Selembar tulisan yang dibawa pun ditandatangani dengan cepat, tanpa negosiasi alot, oleh orang yang keluar dari sarang legislatif. Ngomong-ngomong soal sarang legislatif, aku juga kenal beberapa. Aku juga tahu ada beberapa orang di sarang itu yang hoby karaoke dan menyewa purel. Kalau yang ini, aku yakin mereka tak ada masalah untuk menyewa penari striptis jika ingin.
Aduh, melebar. Lanjut, kembali pada mereka yang melakukan protes. Di depan sarang legislatif, awalnya biasa saja. Namun tiba-tiba ketertiban lenyap ketika mereka merapatkan barisan karena tak berhasil menemui orang di sarang eksekutif. Perwakilan eksekutif yang keluar dari sarang tidak bisa menghadirkan orang yang ingin mereka temui.
"Kita ini mahasiswa. Kalau kita menyampaikan aspirasi dan tidak digubris maka kita dianggap seperti binatang," ucap salah satu mereka. "Mari kawan kita rapatkan barisan, terobos blokade polisi," lanjutnya.
Mereka bergerak merapat ke blokade polisi. Seorang polisi mendorong mereka. Mereka tak terima dan baku hantam terjadi beberapa menit sebelum kembali reda. Tak lama kemudian mereka bergerak ke sisi lain menuju pagar tembok dan memanjat tembok hingga sampai di halaman sarang eksekutif.
Di halaman itu, mereka kembali berorasi. Berteriak jijik pada hal yang sebenarnya mereka senangi. Lagi-lagi ini memprihatinkan. Mereka bagai pelacur yang menggunakan lipstik dan kosmetik agar terlihat cantik. Ah, aku rasa tak cukup lipstik dan kosmetik. Mereka memakai topeng agar terlihat tampan untuk menutupi wajah buruknya.
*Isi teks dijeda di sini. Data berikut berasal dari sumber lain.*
(* Let $X>0$, $n\ge 1$, and let $A_0,A_1:\mathbb{R}\to\mathbb{C}^{n\times n}$ be $X$-periodic with $A_0,A_1\in L^2_{\rm per}([0,X])$ (entrywise). For $\lambda\in\mathbb{C}$ define on $L^2_{\rm per}([0,X];\mathbb{C}^n)$ the operators $$K_1 U=\partial_x(\partial_x^2-1)^{-1}(A_1U),\qquad K_0U=(\partial_x^2-1)^{-1}\big((A_0+(1-\lambda)I)U\big),$$ initially on trigonometric polynomials. Then $K=K_1+K_0$ extends to a Hilbert–Schmidt operator on $L^2_{\rm per}([0,X];\mathbb{C}^n)$.
   Context: $L^2_{\rm per}([0,X];\mathbb{C}^n)$ denotes the Hilbert space of $X$-periodic $\mathbb{C}^n$-valued functions square-integrable on $[0,X]$. $(\partial_x^2-1)^{-1}$ and $\partial_x(\partial_x^2-1)^{-1}$ are the Fourier multipliers acting on the $k$-th Fourier mode $e^{2\pi i kx/X}$ by $(-(2\pi k/X)^2-1)^{-1}$ and $(2\pi i k/X)(-(2\pi k/X)^2-1)^{-1}$ respectively. An operator $A$ on a separable Hilbert space is Hilbert–Schmidt if $\sum_{j,k}|\langle Ae_j,e_k\rangle|^2<\infty$ for an orthonormal basis $\{e_j\}$. *)

theory Defs
  imports "HOL-Analysis.Analysis"
begin

definition per_L2 :: "real \<Rightarrow> (real \<Rightarrow> complex) \<Rightarrow> bool" where
  "per_L2 X f \<longleftrightarrow> (\<forall>x. f (x + X) = f x) \<and>
     f \<in> borel_measurable (lebesgue_on {0..X}) \<and>
     integrable (lebesgue_on {0..X}) (\<lambda>x. (cmod (f x))\<^sup>2)"

definition l2_inner :: "real \<Rightarrow> (real \<Rightarrow> complex^'n) \<Rightarrow> (real \<Rightarrow> complex^'n) \<Rightarrow> complex" where
  "l2_inner X U V = (LINT x|lebesgue_on {0..X}. (\<Sum>i\<in>UNIV. U x $ i * cnj (V x $ i)))"

definition fourier_basis :: "real \<Rightarrow> int \<Rightarrow> 'n::finite \<Rightarrow> real \<Rightarrow> complex^'n" where
  "fourier_basis X k a = (\<lambda>x. \<chi> i. if i = a then
      complex_of_real (1 / sqrt X) * exp (\<i> * complex_of_real (2 * pi * real_of_int k * x / X))
    else 0)"

text \<open>Symbols of the Fourier multipliers (d^2-1)^(-1) and d (d^2-1)^(-1).\<close>
definition inv_symbol :: "real \<Rightarrow> int \<Rightarrow> complex" where
  "inv_symbol X k = complex_of_real (1 / (- (2 * pi * real_of_int k / X)\<^sup>2 - 1))"

definition deriv_inv_symbol :: "real \<Rightarrow> int \<Rightarrow> complex" where
  "deriv_inv_symbol X k = \<i> * complex_of_real (2 * pi * real_of_int k / X) * inv_symbol X k"

text \<open>Coefficient <M F, e_{k,b}> of the Fourier multiplier M with symbol m applied to F:
  M acts on the k-th Fourier mode by multiplication with m k.\<close>
definition multiplier_coeff ::
  "real \<Rightarrow> (int \<Rightarrow> complex) \<Rightarrow> (real \<Rightarrow> complex^'n::finite) \<Rightarrow> int \<Rightarrow> 'n \<Rightarrow> complex" where
  "multiplier_coeff X m F k b = m k * l2_inner X F (fourier_basis X k b)"

text \<open>Matrix entry <K e_{j,a}, e_{k,b}> of K = K_1 + K_0, where
  K_1 U = d (d^2-1)^(-1) (A_1 U) and K_0 U = (d^2-1)^(-1) ((A_0 + (1-lam) I) U).\<close>
definition K_entry ::
  "real \<Rightarrow> (real \<Rightarrow> complex^'n^'n) \<Rightarrow> (real \<Rightarrow> complex^'n^'n) \<Rightarrow> complex
     \<Rightarrow> int \<Rightarrow> 'n::finite \<Rightarrow> int \<Rightarrow> 'n \<Rightarrow> complex" where
  "K_entry X A0 A1 lam j a k b =
     multiplier_coeff X (deriv_inv_symbol X) (\<lambda>x. A1 x *v fourier_basis X j a x) k b
   + multiplier_coeff X (inv_symbol X) (\<lambda>x. (A0 x + mat (1 - lam)) *v fourier_basis X j a x) k b"

end

(* With respect to the Fourier basis e_{j,a}, the entry <K e_{j,a}, e_{k,b}> equals
   (m(k) c_{ba}(j-k) + s(k) d_{ba}(j-k)) / X, where m and s are the symbols of d (d^2-1)^(-1)
   and (d^2-1)^(-1), and c_{ba}, d_{ba} are the Fourier coefficients of the entries of A1 and of
   A0 + (1-lam) I. Both symbols satisfy |.|^2 <= w(k) = 1/(1 + (2 pi k/X)^2), which is summable
   over k, and by Bessel's inequality Phi(l) = sum_{a,b} |c_{ba}(l)|^2 + |d_{ba}(l)|^2 is summable
   over l. Hence the squared entries are dominated by 2/X^2 w(k) Phi(j-k), a summable family
   indexed by (j,k). *)

theory Submission
  imports Defs
begin

lemma summable_on_finite_sum:
  fixes f :: "'i \<Rightarrow> 'a \<Rightarrow> 'b::topological_comm_monoid_add"
  assumes "finite I" "\<And>i. i \<in> I \<Longrightarrow> f i summable_on A"
  shows "(\<lambda>x. \<Sum>i\<in>I. f i x) summable_on A"
  using assms by (induction I rule: finite_induct) (auto intro: summable_on_add)

lemma summable_on_int_from_nat:
  fixes f :: "int \<Rightarrow> real"
  assumes "(\<lambda>n. f (int n)) summable_on UNIV" "(\<lambda>n. f (- int n)) summable_on UNIV"
  shows "f summable_on UNIV"
proof -
  have "f summable_on range int" "f summable_on range (\<lambda>n. - int n)"
    using assms by (subst summable_on_reindex; simp add: inj_on_def o_def)+
  moreover have "range int \<union> range (\<lambda>n. - int n) = (UNIV :: int set)"
  proof -
    have "k \<in> range int \<union> range (\<lambda>n. - int n)" for k
    proof (cases k rule: int_cases)
      case (neg n)
      then show ?thesis by (metis UnI2 rangeI)
    qed blast
    then show ?thesis by blast
  qed
  ultimately show ?thesis
    using summable_on_union by metis
qed

lemma summable_on_convolution:
  fixes w \<phi> :: "'a::ab_group_add \<Rightarrow> real"
  assumes w: "w summable_on UNIV" "\<And>k. 0 \<le> w k"
    and \<phi>: "\<phi> summable_on UNIV" "\<And>l. 0 \<le> \<phi> l"
  shows "(\<lambda>(j, k). w k * \<phi> (j - k)) summable_on UNIV"
proof -
  have "((\<lambda>k. w k * \<phi> l) has_sum infsum w UNIV * \<phi> l) UNIV" for l
    using has_sum_cmult_left[OF has_sum_infsum[OF w(1)], of "\<phi> l"] by simp
  then have "(\<lambda>(l, k). w k * \<phi> l) summable_on UNIV \<times> UNIV"
    using summable_on_cmult_right[OF \<phi>(1)] w(2) \<phi>(2)
    by (intro summable_on_SigmaI[where g = "\<lambda>l. infsum w UNIV * \<phi> l"]) auto
  then show ?thesis
    by (subst summable_on_reindex_bij_witness[where i = "\<lambda>(l, k). (l + k, k)" and j = "\<lambda>(j, k). (j - k, k)"])
       auto
qed

lemma summable_on_convolution_finite_indices:
  fixes w \<phi> :: "'a::ab_group_add \<Rightarrow> real"
  assumes "w summable_on UNIV" "\<And>k. 0 \<le> w k" "\<phi> summable_on UNIV" "\<And>l. 0 \<le> \<phi> l"
  shows "(\<lambda>((j, a), (k, b)). w k * \<phi> (j - k)) summable_on (UNIV :: (('a \<times> 'i::finite) \<times> ('a \<times> 'i)) set)"
proof -
  let ?P = "\<lambda>(j, k). w k * \<phi> (j - k)"
  have "((\<lambda>_::'i \<times> 'i. ?P jk) has_sum real CARD('i \<times> 'i) * ?P jk) UNIV" for jk
    by (rule has_sum_finiteI) auto
  then have "(?P \<circ> fst) summable_on UNIV \<times> (UNIV :: ('i \<times> 'i) set)"
    using summable_on_cmult_right[OF summable_on_convolution[OF assms]] assms(2,4)
    by (intro summable_on_SigmaI[where g = "\<lambda>jk. real CARD('i \<times> 'i) * ?P jk"])
      (auto intro!: mult_nonneg_nonneg)
  then show ?thesis
    by (subst summable_on_reindex_bij_witness[where i = "\<lambda>((j, k), (a, b)). ((j, a), (k, b))"
          and j = "\<lambda>((j, a), (k, b)). ((j, k), (a, b))"]) auto
qed

lemma norm_add_squared_le:
  fixes u v :: "'a::real_normed_vector"
  shows "(norm (u + v))\<^sup>2 \<le> 2 * (norm u)\<^sup>2 + 2 * (norm v)\<^sup>2"
proof -
  have "(norm (u + v))\<^sup>2 \<le> (norm u + norm v)\<^sup>2"
    by (intro power_mono norm_triangle_ineq) simp
  also have "\<dots> \<le> 2 * (norm u)\<^sup>2 + 2 * (norm v)\<^sup>2"
    using sum_squares_ge_zero[of "norm u - norm v" 0] by (simp add: power2_eq_square algebra_simps)
  finally show ?thesis .
qed

lemma (in finite_measure) integrable_of_square_norm:
  fixes f :: "'a \<Rightarrow> 'b::{second_countable_topology, banach, real_normed_div_algebra}"
  assumes "f \<in> borel_measurable M" "integrable M (\<lambda>x. (norm (f x))\<^sup>2)"
  shows "integrable M f"
proof (rule square_integrable_imp_integrable[OF assms(1)])
  show "integrable M (\<lambda>x. f x ^ 2)"
    using assms by (subst integrable_norm_iff[symmetric]) (auto simp: norm_power)
qed

lemma (in finite_measure) integrable_square_norm_add_const:
  fixes f :: "'a \<Rightarrow> 'b::{second_countable_topology, banach}"
  assumes "f \<in> borel_measurable M" "integrable M (\<lambda>x. (norm (f x))\<^sup>2)"
  shows "integrable M (\<lambda>x. (norm (f x + c))\<^sup>2)"
proof (rule Bochner_Integration.integrable_bound)
  show "integrable M (\<lambda>x. 2 * (norm (f x))\<^sup>2 + 2 * (norm c)\<^sup>2)"
    using assms by auto
  show "AE x in M. norm ((norm (f x + c))\<^sup>2) \<le> norm (2 * (norm (f x))\<^sup>2 + 2 * (norm c)\<^sup>2)"
    using norm_add_squared_le by auto
qed (use assms in measurable)

lemma finite_measure_lebesgue_on_interval: "finite_measure (lebesgue_on {a..b::real})"
  by (rule finite_measure_lebesgue_on) auto

definition fourier_mode :: "real \<Rightarrow> int \<Rightarrow> real \<Rightarrow> complex" where
  "fourier_mode X l x = cis (2 * pi * real_of_int l * x / X)"

lemma fourier_mode_mult: "fourier_mode X l x * fourier_mode X m x = fourier_mode X (l + m) x"
  unfolding fourier_mode_def by (simp add: cis_mult add_divide_distrib distrib_left distrib_right)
Lalu apa yang membuat mereka memakai topeng? Kepentingan apa yang melandasinya? Entahlah, lagi pula sudah menjadi rahasia umum kalau hal-hal yang menjijikkan ini selalu ada kepentingan yang ujung-ujungnya rupiah untuk mengganjal perut. Ah, lagi-lagi perut disalahkan, kasihan sekali.